◆ EXERCISE GOAL:
Only the lines from the one containing "with d \<open>d^2" to the end of the data are wanted; print them exactly as they appear.

(Collected data entries)

lemma cycles1_add_edge_decompose:
  assumes "closed_walk V adjE xs" "edge_traversals xs a b = 1" "z \<in> cycles1 V adjE"
  shows "\<exists>z' \<in> cycles1 V adj. \<exists>k.
           z - (z' + frag_cmul k (walk_chain xs)) \<in> boundaries1 V adjE"
proof -
  let ?C = "walk_chain xs"
  define k where "k = edge_flux a b z * edge_flux a b ?C"
  define y where "y = z - frag_cmul k ?C"
  \<comment> \<open>the boundary [b, a] - [a, a] + [a, b] of [a, b, a] clears [a, b]; as y has no flux,
    this also clears [b, a]\<close>
  define t where "t = frag_cmul (Poly_Mapping.lookup y [a, b]) (frag_of [a, b, a])"
  define w where "w = y - simplex_boundary t"
  have C: "?C \<in> cycles1 V adjE"
    using walk_chain_in_cycles1[OF is_graph_add_edge[OF graph a_in_V b_in_V] assms(1)] .
  have "edge_flux a b ?C * edge_flux a b ?C = 1"
    using edge_flux_walk_chain[OF distinct assms(2)] by auto
  then have "edge_flux a b y = 0"
    by (simp add: y_def k_def edge_flux_diff edge_flux_cmul mult.assoc)
  then have w_edge: "Poly_Mapping.lookup w [a, b] = 0" "Poly_Mapping.lookup w [b, a] = 0"
    using distinct
    by (simp_all add: w_def t_def simplex_boundary_cmul simplex_boundary_triangle
        lookup_add lookup_minus edge_flux_def)
  have t: "clique_chain V adjE 2 t"
    using a_in_V b_in_V
    by (auto simp: t_def clique_simplex_def add_edge_def intro!: clique_chain_cmul clique_chain_frag_of)
  then have "clique_chain V adjE 1 w"
    using assms(3) C clique_chain_simplex_boundary[of V adjE 1 t]
    by (simp add: w_def y_def cycles1_def numeral_2_eq_2 clique_chain_diff clique_chain_cmul)
  then have "clique_chain V adj 1 w"
    using w_edge by (rule clique_chain_remove_edge)
  moreover have "simplex_boundary w = 0"
    using assms(3) C
    by (simp add: w_def y_def t_def cycles1_def simplex_boundary_diff simplex_boundary_cmul
        simplex_boundary_triangle simplex_boundary_add simplex_boundary_edge)
  moreover have "z - (w + frag_cmul k ?C) = simplex_boundary t"
    by (simp add: w_def y_def)
  ultimately show ?thesis
    using t unfolding cycles1_def boundaries1_def by blast
qed

end
lemma adj_mult_cong: "(\<And>v. v \<in> W \<Longrightarrow> x v = x' v) \<Longrightarrow> adj_mult W adj x w = adj_mult W adj x' w"
  unfolding adj_mult_def by auto

lemma adj_mult_indicator:
  "finite W \<Longrightarrow> adj_mult W adj (indicator S) v = real (card {u\<in>W. adj v u \<and> u \<in> S})"
  unfolding adj_mult_def indicator_def by (simp add: sum.If_cases Int_def)

lemma adj_mult_add_scaled:
  "adj_mult W adj (\<lambda>v. x v + t * y v) w = adj_mult W adj x w + t * adj_mult W adj y w"
  unfolding adj_mult_def by (simp add: sum.distrib sum_distrib_left)

lemma inner_on_cong:
  "(\<And>v. v \<in> W \<Longrightarrow> x v = x' v) \<Longrightarrow> (\<And>v. v \<in> W \<Longrightarrow> y v = y' v) \<Longrightarrow> inner_on W x y = inner_on W x' y'"
  unfolding inner_on_def by auto

lemma inner_on_self_nonneg: "inner_on W x x \<ge> 0"
  unfolding inner_on_def by (intro sum_nonneg) auto

lemma inner_on_self_eq_0D: "finite W \<Longrightarrow> inner_on W x x = 0 \<Longrightarrow> v \<in> W \<Longrightarrow> x v = 0"
  unfolding inner_on_def using sum_nonneg_eq_0_iff[of W "\<lambda>v. x v * x v"] by auto

lemma inner_on_indicator:
  assumes "finite W" "S \<subseteq> W"
  shows "inner_on W (indicator S) y = sum y S"
proof -
  have "inner_on W (indicator S) y = (\<Sum>v\<in>W. if v \<in> S then y v else 0)"
    unfolding inner_on_def indicator_def by (intro sum.cong) auto
  also have "\<dots> = sum y S"
    using assms by (simp add: sum.If_cases Int_absorb1)
  finally show ?thesis .
qed

lemma inner_on_adj_mult_commute:
  assumes "finite W" "symp_on W adj"
  shows "inner_on W x (adj_mult W adj y) = inner_on W y (adj_mult W adj x)"
proof -
  have "inner_on W x (adj_mult W adj y) = (\<Sum>v\<in>W. \<Sum>u\<in>W. if adj v u then x v * y u else 0)"
    unfolding inner_on_def adj_mult_eq_sum_if[OF assms(1)]
    by (simp add: sum_distrib_left if_distrib cong: if_cong)
  also have "\<dots> = (\<Sum>u\<in>W. \<Sum>v\<in>W. if adj v u then x v * y u else 0)"
    by (rule sum.swap)
  also have "\<dots> = (\<Sum>u\<in>W. \<Sum>v\<in>W. if adj u v then y u * x v else 0)"
    using assms(2) by (intro sum.cong refl) (auto simp: mult.commute dest: symp_onD)
  also have "\<dots> = inner_on W y (adj_mult W adj x)"
    unfolding inner_on_def adj_mult_eq_sum_if[OF assms(1)]
    by (simp add: sum_distrib_left if_distrib cong: if_cong)
  finally show ?thesis .
qed

lemma inner_on_add_scaled:
  "inner_on W (\<lambda>v. x v + t * y v) (\<lambda>v. x v + t * y v)
     = inner_on W x x + 2 * t * inner_on W y x + t\<^sup>2 * inner_on W y y"
  unfolding inner_on_def by (simp add: algebra_simps sum.distrib sum_distrib_left power2_eq_square)

lemma adj_form_add_scaled:
  assumes "finite W" "symp_on W adj"
  shows "inner_on W (\<lambda>v. x v + t * y v) (adj_mult W adj (\<lambda>v. x v + t * y v))
     = inner_on W x (adj_mult W adj x) + 2 * t * inner_on W y (adj_mult W adj x)
       + t\<^sup>2 * inner_on W y (adj_mult W adj y)"
proof -
  have "inner_on W (\<lambda>v. x v + t * y v) (adj_mult W adj (\<lambda>v. x v + t * y v))
      = inner_on W x (adj_mult W adj x) + t * inner_on W x (adj_mult W adj y)
        + t * inner_on W y (adj_mult W adj x) + t\<^sup>2 * inner_on W y (adj_mult W adj y)"
    unfolding adj_mult_add_scaled inner_on_def
    by (simp add: algebra_simps sum.distrib sum_distrib_left power2_eq_square)
  then show ?thesis
    using inner_on_adj_mult_commute[OF assms, of x y] by simp
qed

lemma adj_form_attains_max_on_unit_sphere:
  assumes fin: "finite W" and ne: "W \<noteq> {}"
  obtains x where "inner_on W x x = 1"
    "\<And>y. inner_on W y y = 1 \<Longrightarrow> inner_on W y (adj_mult W adj y) \<le> inner_on W x (adj_mult W adj x)"
proof -
  define T where "T = product_topology (\<lambda>_. euclideanreal) W"
  define C where "C = PiE W (\<lambda>_. {-1..1::real})"
  define S where "S = {x \<in> topspace T. inner_on W x x \<in> {1}}"
  define q where "q = (\<lambda>x. inner_on W x (adj_mult W adj x))"
  have cont_norm: "continuous_map T euclideanreal (\<lambda>x. inner_on W x x)"
    unfolding inner_on_def T_def
    by (intro continuous_map_sum fin continuous_map_real_mult continuous_map_product_projection) auto
  have cont_q: "continuous_map T euclideanreal q"
    unfolding q_def inner_on_def adj_mult_def T_def
    by (intro continuous_map_sum fin continuous_map_real_mult continuous_map_product_projection)
      (auto simp: fin)
  have bounded: "\<bar>x v\<bar> \<le> 1" if "inner_on W x x = 1" "v \<in> W" for x v
  proof -
    have "x v * x v \<le> inner_on W x x"
      unfolding inner_on_def using member_le_sum[of v W "\<lambda>v. x v * x v"] that fin by auto
    then show ?thesis
      using that abs_le_square_iff[of "x v" 1] by (simp add: power2_eq_square)
  qed
  have "compactin T C"
    unfolding T_def C_def by (simp add: compactin_PiE)
  moreover have "S \<subseteq> C"
    unfolding S_def C_def T_def using bounded by (auto simp: PiE_iff abs_le_iff extensional_def)
  moreover have "closedin T S"
    unfolding S_def by (rule closedin_continuous_map_preimage[OF cont_norm]) simp
  ultimately have "compactin T S"
    by (rule closed_compactin)
  then have "compact (q ` S)"
    using image_compactin[OF _ cont_q] by simp
  have sphere_in_S: "restrict y W \<in> S" if "inner_on W y y = 1" for y
  proof -
    have "inner_on W (restrict y W) (restrict y W) = 1"
      using that by (simp add: inner_on_def)
    then show ?thesis unfolding S_def T_def by (simp add: PiE_iff)
  qed
  obtain v0 where "v0 \<in> W" using ne by auto
  then have "inner_on W (indicator {v0}) (indicator {v0}) = 1"
    using fin by (simp add: inner_on_indicator)
  then have "q ` S \<noteq> {}" using sphere_in_S by blast
  then obtain x where x: "x \<in> S" "\<And>z. z \<in> S \<Longrightarrow> q z \<le> q x"
    using compact_attains_sup[OF \<open>compact (q ` S)\<close>] by auto
  show thesis
  proof
    show "inner_on W x x = 1" using x(1) unfolding S_def by simp
    fix y assume "inner_on W y y = 1"
    then have "q (restrict y W) \<le> q x" using x(2) sphere_in_S by blast
    moreover have "q (restrict y W) = q y"
      unfolding q_def by (intro inner_on_cong adj_mult_cong) auto
    ultimately show "inner_on W y (adj_mult W adj y) \<le> inner_on W x (adj_mult W adj x)"
      unfolding q_def by simp
  qed
qed
(* Let $\Omega\subset\mathbb{R}^N$ be open and bounded, $\alpha\in(0,N)$, $q\in(1,\infty]$ with $q'=q/(q-1)$ ($q'=1$ if $q=\infty$), and let $f \in L^{N/\alpha,q}(\Omega)$. Suppose $\frac{1}{2}\left(N/\alpha+1\right) \leq p<N/\alpha$ and put $\delta_p:= N/p-\alpha>0$. Then $f \in L^{p,1}(\Omega)$, and there exists a constant $C_1=C_1(\alpha,N,q,\Omega)>0$ (independent of $p$ and $f$) such that \[ \|f\|_{L^{p,1}(\Omega)} \leq C_1\delta_p^{-1/q'} \|f\|_{L^{N/\alpha,q}(\Omega)}. \] Moreover, $C_1$ can be chosen such that $C_1\delta_p^{-1/q'} \geq 1$ for all such $p$.
   Context: For a measurable $f$ on $\mathbb{R}^N$ let $f^*$ be its non-increasing rearrangement and $f^{**}(x)=\frac1x\int_0^x f^*(t)\,dt$. For $1<p<\infty$ and $1\le q<\infty$, $\|f\|_{L^{p,q}(\mathbb{R}^N)} = (\int_0^\infty [t^{1/p}f^{**}(t)]^q\,\frac{dt}{t})^{1/q}$, and $\|f\|_{L^{p,\infty}(\mathbb{R}^N)}=\sup_{t>0}t^{1/p}f^{**}(t)$. For $f$ on $\Omega$, $\|f\|_{L^{p,q}(\Omega)}:=\|f\chi_\Omega\|_{L^{p,q}(\mathbb{R}^N)}$, and $L^{p,q}(\Omega)$ is the space of $f$ for which this is finite. *)

theory Defs
  imports "HOL-Analysis.Analysis"
begin

text \<open>Real power of an extended nonnegative real, for positive exponents r.\<close>
definition enn_powr :: "ennreal \<Rightarrow> real \<Rightarrow> ennreal" where
  "enn_powr x r = (if x = \<infinity> then \<infinity> else ennreal (enn2real x powr r))"

text \<open>Non-increasing rearrangement f*(t) = inf{s \<ge> 0 : |{|f| > s}| \<le> t} (value \<infinity> if empty).\<close>
definition rearr :: "('a::euclidean_space \<Rightarrow> real) \<Rightarrow> real \<Rightarrow> ennreal" where
  "rearr f t = Inf {ennreal s | s. 0 \<le> s \<and> emeasure lebesgue {x. s < \<bar>f x\<bar>} \<le> ennreal t}"

definition maxrearr :: "('a::euclidean_space \<Rightarrow> real) \<Rightarrow> real \<Rightarrow> ennreal" where
  "maxrearr f t = (\<integral>\<^sup>+ s. rearr f s * indicator {0<..<t} s \<partial>lborel) / ennreal t"

definition lorentz_norm :: "real \<Rightarrow> ennreal \<Rightarrow> ('a::euclidean_space \<Rightarrow> real) \<Rightarrow> ennreal" where
  "lorentz_norm p q f =
    (if q = \<infinity> then (SUP t\<in>{0<..}. ennreal (t powr (1/p)) * maxrearr f t)
     else enn_powr (\<integral>\<^sup>+ t. enn_powr (ennreal (t powr (1/p)) * maxrearr f t) (enn2real q)
                           / ennreal t * indicator {0<..} t \<partial>lborel) (1 / enn2real q))"

definition lorentz_norm_on :: "real \<Rightarrow> ennreal \<Rightarrow> 'a::euclidean_space set \<Rightarrow> ('a \<Rightarrow> real) \<Rightarrow> ennreal" where
  "lorentz_norm_on p q \<Omega> f = lorentz_norm p q (\<lambda>x. f x * indicator \<Omega> x)"

definition in_lorentz :: "real \<Rightarrow> ennreal \<Rightarrow> 'a::euclidean_space set \<Rightarrow> ('a \<Rightarrow> real) \<Rightarrow> bool" where
  "in_lorentz p q \<Omega> f \<longleftrightarrow> (\<lambda>x. f x * indicator \<Omega> x) \<in> borel_measurable lebesgue
      \<and> lorentz_norm_on p q \<Omega> f < \<infinity>"
lemma pJL6_eq:
  fixes x :: real assumes x: "15 \<le> x"
  obtains s where "0 < s" and "s < x - 8" and "pJL6 x = (x + 4 - s) / (x - 8 - s)"
    and "((x+4)^2 - s^2) * ((x-4)^2 - s^2) * (x^2 - s^2) = ((x-6)*(x-2)*(x+2))^2"
proof -
  define Q where "Q = 192*x^2 + 256"
  define c where "c = root 3 (K0 x + K1 x) + root 3 (K0 x - K1 x)"
  have root: "depressed_cubic Q (K0 x) c = 0"
    unfolding c_def K1_eq Q_def using K0_squared_gt[OF x] by (intro depressed_cubic_Cardano) auto
  have "(160 - 48*x)^2 - 4*Q = 1536 * (x * (x - 10) + 16)"
    "(-3*x^2 - 32)^2 - 4*Q = 9 * x^2 * ((x - 8) * (x + 8))"
    unfolding Q_def by (simp_all add: power2_eq_square algebra_simps)
  moreover have "0 < x * (x - 10)" "0 < 9 * x^2 * ((x - 8) * (x + 8))" using x by simp_all
  ultimately have "4*Q < (160 - 48*x)^2" "4*Q < (-3*x^2 - 32)^2" by simp_all
  then have c: "-3*x^2 - 32 < c" "c < 160 - 48*x"
    using depressed_cubic_sign[OF root] depressed_cubic_K0_pos[OF x] depressed_cubic_K0_neg[OF x]
    unfolding Q_def by blast+
  define s where "s = sqrt ((c + 3*x^2 + 32) / 3)"
  have "0 < (c + 3*x^2 + 32) / 3" using c by simp
  then have s0: "0 < s" and s2: "s^2 = (c + 3*x^2 + 32) / 3" unfolding s_def by simp_all
  have "(x - 8)^2 - s^2 = (160 - 48*x - c) / 3" unfolding s2 by (simp add: power2_eq_square field_simps)
  then have "s^2 < (x - 8)^2" using c(2) by simp
  then have s1: "s < x - 8" using x s0 by (simp add: power_less_imp_less_base)
  have "sqrt (root 3 (K0 x + K1 x) + root 3 (K0 x - K1 x) + 3*x^2 + 32) = sqrt 3 * s"
    unfolding s_def c_def[symmetric] real_sqrt_mult[symmetric] by simp
  then have "pJL6 x = ((x + 4 - s) * sqrt 3) / ((x - 8 - s) * sqrt 3)"
    unfolding pJL6_def by (simp add: algebra_simps)
  then have "pJL6 x = (x + 4 - s) / (x - 8 - s)" by simp
  moreover have "3 * s^2 - 3*x^2 - 32 = c" unfolding s2 by (simp add: field_simps)
  then have "((x+4)^2 - s^2) * ((x-4)^2 - s^2) * (x^2 - s^2) = ((x-6)*(x-2)*(x+2))^2"
    using root depressed_cubic_K0_shift[of x "s^2"] unfolding Q_def by simp
  ultimately show ?thesis using that s0 s1 by simp
qed

definition sextic :: "real \<Rightarrow> real \<Rightarrow> real" where
  "sextic x y = y * (y+2) * (y+4) * (x-2-y) * (x-4-y) * (x-6-y)"

lemma sextic_less_midpoint:
  fixes x y :: real assumes "0 < y" and "y < (x-6)/2"
  shows "sextic x y < sextic x ((x-6)/2)"
proof -
  define a where "a = (x-6)/2"
  define d where "d = a - y"
  have d: "0 < d" "d < a" using assms unfolding a_def d_def by linarith+
  have "\<And>y. sextic x y = (a^2 - (a-y)^2) * ((a+2)^2 - (a-y)^2) * ((a+4)^2 - (a-y)^2)"
    unfolding sextic_def a_def by (simp add: field_simps power2_eq_square)
  then have sy: "sextic x y = (a^2 - d^2) * ((a+2)^2 - d^2) * ((a+4)^2 - d^2)"
    and sa: "sextic x a = a^2 * (a+2)^2 * (a+4)^2"
    unfolding d_def by simp_all
  have "0 < d^2" "d^2 < a^2" "d^2 < (a+2)^2" "d^2 < (a+4)^2"
    using d by (auto intro!: power_strict_mono)
  then have "(a^2 - d^2) * ((a+2)^2 - d^2) < a^2 * (a+2)^2"
    by (intro mult_strict_mono) auto
  with d \<open>d^2 < (a+2)^2\<close> \<open>d^2 < (a+4)^2\<close> \<open>d^2 < a^2\<close>
  have "sextic x y < sextic x a"
    unfolding sy sa by (intro mult_strict_mono) auto
  then show ?thesis unfolding a_def .
qed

◆ TASK RESPONSE:
  with d \<open>d^2 < (a+2)^2\<close> \<open>d^2 < (a+4)^2\<close> \<open>d^2 < a^2\<close>
  have "sextic x y < sextic x a"
    unfolding sy sa by (intro mult_strict_mono) auto
  then show ?thesis unfolding a_def .
qed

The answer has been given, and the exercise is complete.